There’s this tiny jolt that courses through me when I get a new blog comment or see the number “15” in that little, red Facebook box. Every time Twitter tells me I have a new follower, I feel it, too. It’s almost like those tools are saying, “Hey, Andi. You have a new friend.”
As much as I love social media (and I really do love it), as much as it has helped me make true, genuine friends, every new follower, every new “friend,” every commenter is not my friend. I have to work hard to remember that because if I don’t, I can easily begin to believe that I owe my best time and energy to social media, to my platform because that’s where my friends are.
The truth is, though, that I only have a few great friends in the world, a few people who carry part of my heart around with them, and I have to focus on those relationships to sustain them. I can’t give my heart to 3000 people. I won’t survive.
Similarly, I owe my best energy to creating amazing work that speaks the truth as I see it, not to building the platform that I will set that work on. It is the work that feeds me; talking about it does not.
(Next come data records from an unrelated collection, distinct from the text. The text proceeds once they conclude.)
(* isometry_slices U e0 z (a, i) = <a, z| U |e0, i>: the slice of V = U(|e0> \<otimes> -) at the
   environment basis vector z, viewed as a vector in A \<otimes> S. *)
definition isometry_slices ::
    "('e::finite \<times> 'f::finite \<times> 'g::finite) op \<Rightarrow> 'e \<Rightarrow> 'g \<Rightarrow> ('e \<times> 'f) \<times> ('f \<times> 'g) \<Rightarrow> complex" where
  "isometry_slices U e0 z = (\<lambda>(a, i). U (fst a, snd a, z) (e0, i))"

lemma chanN_ket_bra:
  "chanN U e0 (ket_bra i j) a b = frame_op (isometry_slices U e0) (a, i) (b, j)"
  by (cases a; cases b)
     (simp add: chanN_def ket_bra_def frame_op_def isometry_slices_def
        if_distrib[where f="\<lambda>t. t * _"] if_distrib[where f="\<lambda>t. _ * t"]
        sum_if_const_cond flip: if_if_eq_conj cong: if_cong)

lemma chanNbar_ket_bra:
  "chanNbar U e0 (ket_bra i j) a b = cnj (frame_op (isometry_slices U e0) (a, i) (b, j))"
  by (cases a; cases b)
     (simp add: chanNbar_def ket_bra_def frame_op_def isometry_slices_def
        if_distrib[where f="\<lambda>t. t * _"] if_distrib[where f="\<lambda>t. _ * t"]
        sum_if_const_cond flip: if_if_eq_conj cong: if_cong)

lemma overlap_eq_frobenius:
  fixes U :: "('e::finite \<times> 'f::finite \<times> 'g::finite) op" and e0 :: 'e
  shows "expval (max_ent :: ('e \<times> 'f) \<times> ('e \<times> 'f) \<Rightarrow> complex)
           (map_tensor (chanN U e0) (chanNbar U e0) (proj (max_ent :: ('f \<times> 'g) \<times> ('f \<times> 'g) \<Rightarrow> complex)))
       = of_real ((\<Sum>p\<in>UNIV. \<Sum>q\<in>UNIV. (cmod (frame_op (isometry_slices U e0) p q))\<^sup>2)
                  / (real (card (UNIV::('e \<times> 'f) set)) * real (card (UNIV::('f \<times> 'g) set))))"
proof -
  define K where "K = frame_op (isometry_slices U e0)"
  have "expval (max_ent :: ('e \<times> 'f) \<times> ('e \<times> 'f) \<Rightarrow> complex)
          (map_tensor (chanN U e0) (chanNbar U e0) (proj (max_ent :: ('f \<times> 'g) \<times> ('f \<times> 'g) \<Rightarrow> complex)))
      = (\<Sum>a\<in>UNIV. \<Sum>b\<in>UNIV. \<Sum>i\<in>UNIV. \<Sum>j\<in>UNIV. K (a, i) (b, j) * cnj (K (a, i) (b, j)))
        / (of_nat (card (UNIV::('e \<times> 'f) set)) * of_nat (card (UNIV::('f \<times> 'g) set)))"
    unfolding expval_max_ent tensor_max_ent chanN_ket_bra chanNbar_ket_bra K_def[symmetric]
    by (simp add: sum_divide_distrib mult.commute)
  also have "(\<Sum>a\<in>UNIV. \<Sum>b\<in>UNIV. \<Sum>i\<in>UNIV. \<Sum>j\<in>UNIV. K (a, i) (b, j) * cnj (K (a, i) (b, j)))
      = (\<Sum>a\<in>UNIV. \<Sum>i\<in>UNIV. \<Sum>b\<in>UNIV. \<Sum>j\<in>UNIV. K (a, i) (b, j) * cnj (K (a, i) (b, j)))"
    by (rule sum.cong[OF refl], rule sum.swap)
  also have "\<dots> = of_real (\<Sum>p\<in>UNIV. \<Sum>q\<in>UNIV. (cmod (K p q))\<^sup>2)"
    unfolding of_real_sum complex_norm_square sum_UNIV_prod ..
  finally show ?thesis
    unfolding K_def by (simp only: of_real_divide of_real_mult of_real_of_nat_eq)
qed

lemma unitary_column_norm:
  assumes "unitary_op U"
  shows "(\<Sum>c\<in>UNIV. (cmod (U c x))\<^sup>2) = 1"
proof -
  have "(\<Sum>c\<in>UNIV. U c x * cnj (U c x)) = 1"
    using assms unfolding unitary_op_def by (simp add: mult.commute)
  then have "complex_of_real (\<Sum>c\<in>UNIV. (cmod (U c x))\<^sup>2) = 1"
    unfolding of_real_sum complex_norm_square .
  then show ?thesis by (simp only: of_real_eq_1_iff)
qed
Social media has amazing benefits, and as a writer, it’s a necessity, especially in the eyes of publishers. Plus, I really have met people who I truly love and trust through this medium. I’m a fan of all these tools, even StumbleUpon, the forgotten social media baby.
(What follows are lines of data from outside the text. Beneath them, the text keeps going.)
lemma nn_integral_sq_joint_density_bound:
  fixes x :: "'n::finite \<Rightarrow> real^'p::finite" and y :: "real^'n"
  assumes "2 \<le> CARD('n)" and "0 < s" "s < 1" "0 < \<gamma>" "0 < \<tau>" "0 < a" "0 < b"
    and "x i0 $ k \<noteq> 0"
  obtains K where "\<And>v. 0 < v \<Longrightarrow> (\<integral>\<^sup>+\<beta>. ennreal (\<bar>\<beta> $ k\<bar>\<^sup>2) * joint_density s \<gamma> \<tau> a b x y \<beta> v \<partial>lborel)
      \<le> ennreal (invgamma_density a b v * (1 / sqrt v) ^ (CARD('n) - 2)) * ennreal K"
proof
  define C where "C = 2 * \<tau> / (pi * sqrt (2 * pi))"
  define F where "F = (1 - s) / sqrt (2 * pi) + s * \<gamma> * pi / sqrt (2 * pi)"
  define K where "K = C * F ^ (CARD('n) - 1) / \<bar>x i0 $ k\<bar>"
  have C: "0 \<le> C" and F: "0 \<le> F"
    using assms(2-5) by (simp_all add: C_def F_def)
  then have K: "0 \<le> K"
    by (simp add: K_def)
  fix v :: real
  assume v: "0 < v"
  let ?m = "CARD('n) - 2"
  have "(\<integral>\<^sup>+\<beta>. ennreal (\<bar>\<beta> $ k\<bar>\<^sup>2) * joint_density s \<gamma> \<tau> a b x y \<beta> v \<partial>lborel)
      = ennreal (invgamma_density a b v) * (\<integral>\<^sup>+\<beta>. ennreal (\<bar>\<beta> $ k\<bar>\<^sup>2)
        * (\<Prod>j\<in>UNIV. scale_density (sqrt v) (horseshoe \<tau>) (\<beta> $ j))
        * (\<Prod>i\<in>UNIV. scale_density (sqrt v) (f_EH s \<gamma>) (y $ i - x i \<bullet> \<beta>)) \<partial>lborel)"
    unfolding joint_density_eq_scale_density by (subst nn_integral_cmult[symmetric]) (simp_all add: ac_simps)
  also have "\<dots> \<le> ennreal (invgamma_density a b v) * ennreal (K * (1 / sqrt v) ^ ?m)"
    unfolding K_def using assms v C F sq_mult_horseshoe_le[OF assms(5)] f_EH_le[OF assms(2-4)]
    by (intro mult_left_mono nn_integral_sq_prior_times_likelihood_le)
       (simp_all add: C_def F_def nn_integral_horseshoe nn_integral_f_EH)
  also have "\<dots> = ennreal (invgamma_density a b v * (1 / sqrt v) ^ ?m) * ennreal K"
    using invgamma_density_pos[OF assms(6,7) v] v K by (simp add: ennreal_mult ac_simps)
  finally show "(\<integral>\<^sup>+\<beta>. ennreal (\<bar>\<beta> $ k\<bar>\<^sup>2) * joint_density s \<gamma> \<tau> a b x y \<beta> v \<partial>lborel) \<le> \<dots>" .
qed

lemma nn_integral_sq_joint_density_less_top:
  fixes x :: "'n::finite \<Rightarrow> real^'p::finite" and y :: "real^'n"
  assumes "2 \<le> CARD('n)" and "0 < s" "s < 1" "0 < \<gamma>" "0 < \<tau>" "0 < a" "0 < b"
    and "x i0 $ k \<noteq> 0"
  shows "(\<integral>\<^sup>+v\<in>{0<..}. (\<integral>\<^sup>+\<beta>. ennreal (\<bar>\<beta> $ k\<bar>\<^sup>2) * joint_density s \<gamma> \<tau> a b x y \<beta> v \<partial>lborel) \<partial>lborel) < \<infinity>"
proof -
  let ?g = "\<lambda>v. ennreal (invgamma_density a b v * (1 / sqrt v) ^ (CARD('n) - 2))"
  obtain K where K: "\<And>v. 0 < v \<Longrightarrow> (\<integral>\<^sup>+\<beta>. ennreal (\<bar>\<beta> $ k\<bar>\<^sup>2) * joint_density s \<gamma> \<tau> a b x y \<beta> v \<partial>lborel)
      \<le> ?g v * ennreal K"
    using nn_integral_sq_joint_density_bound[where x = x, OF assms] by blast
  have "(\<integral>\<^sup>+v\<in>{0<..}. (\<integral>\<^sup>+\<beta>. ennreal (\<bar>\<beta> $ k\<bar>\<^sup>2) * joint_density s \<gamma> \<tau> a b x y \<beta> v \<partial>lborel) \<partial>lborel)
      \<le> (\<integral>\<^sup>+v. ?g v * indicator {0<..} v * ennreal K \<partial>lborel)"
    using K by (intro nn_integral_mono) (auto simp: ac_simps split: split_indicator)
  also have "\<dots> = (\<integral>\<^sup>+v\<in>{0<..}. ?g v \<partial>lborel) * ennreal K"
    by (rule nn_integral_multc) measurable
  also have "\<dots> < \<infinity>"
    using nn_integral_invgamma_density_mult_power_less_top[OF assms(6,7)] by (simp add: ennreal_mult_less_top)
  finally show ?thesis .
qed

theorem corollary2p1:
  fixes x :: "'n::finite \<Rightarrow> real^'p::finite" and y :: "real^'n" and k :: 'p
    and s \<gamma> \<tau> a b :: real
  assumes "CARD('n) \<ge> 2"
    and "0 < s" and "s < 1" and "0 < \<gamma>" and "0 < \<tau>" and "0 < a" and "0 < b"
    and "\<exists>i. x i $ k \<noteq> 0"
  shows "posterior_expectation s \<gamma> \<tau> a b x y (\<lambda>\<beta> v. \<bar>\<beta> $ k\<bar>\<^sup>2) < \<infinity>"
proof -
  obtain i0 where "x i0 $ k \<noteq> 0"
    using assms(8) by blast
  with assms(1-7) have "(\<integral>\<^sup>+v\<in>{0<..}. (\<integral>\<^sup>+\<beta>. ennreal (\<bar>\<beta> $ k\<bar>\<^sup>2) * joint_density s \<gamma> \<tau> a b x y \<beta> v \<partial>lborel) \<partial>lborel) < \<infinity>"
    by (rule nn_integral_sq_joint_density_less_top[where x = x])
  moreover have "0 < (\<integral>\<^sup>+v\<in>{0<..}. (\<integral>\<^sup>+\<beta>. joint_density s \<gamma> \<tau> a b x y \<beta> v \<partial>lborel) \<partial>lborel)"
    using assms by (intro nn_integral_joint_density_pos)
  ultimately show ?thesis
    unfolding posterior_expectation_def by (auto simp: ennreal_divide_eq_top_iff less_top[symmetric])
qed

end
For this reason and because – if I’m honest – writing can be quite lonely at times, I have to fight really hard not to put social media ahead of my writing. I have to remember that I can tweet a million times and get 25,000 followers, but if I don’t have anything worthwhile to say, I’m not only wasting my own time but the time of those 25,000 people who follow me. Having a platform is a big responsibility.
To me, a platform is hollow and fragile if I’m not writing well, if I’m not putting my best work into the pages of my book. If I’m giving that time in the glen to Facebook, then I’m not honoring what it is I am truly called to do, and my failure to do that leaves me aching. If I’m not careful, not only will my work suffer, but my platform will collapse and crush my spirit, like a deck built without the right foundation and support.
I’m not very good at this, at turning off the tabs on my browser and focusing on my work, but I’m going to get better because I am not called to tweet. I am called to write.
How do you find that balance between your social media platform and your real work? Any suggestions on how I can be better?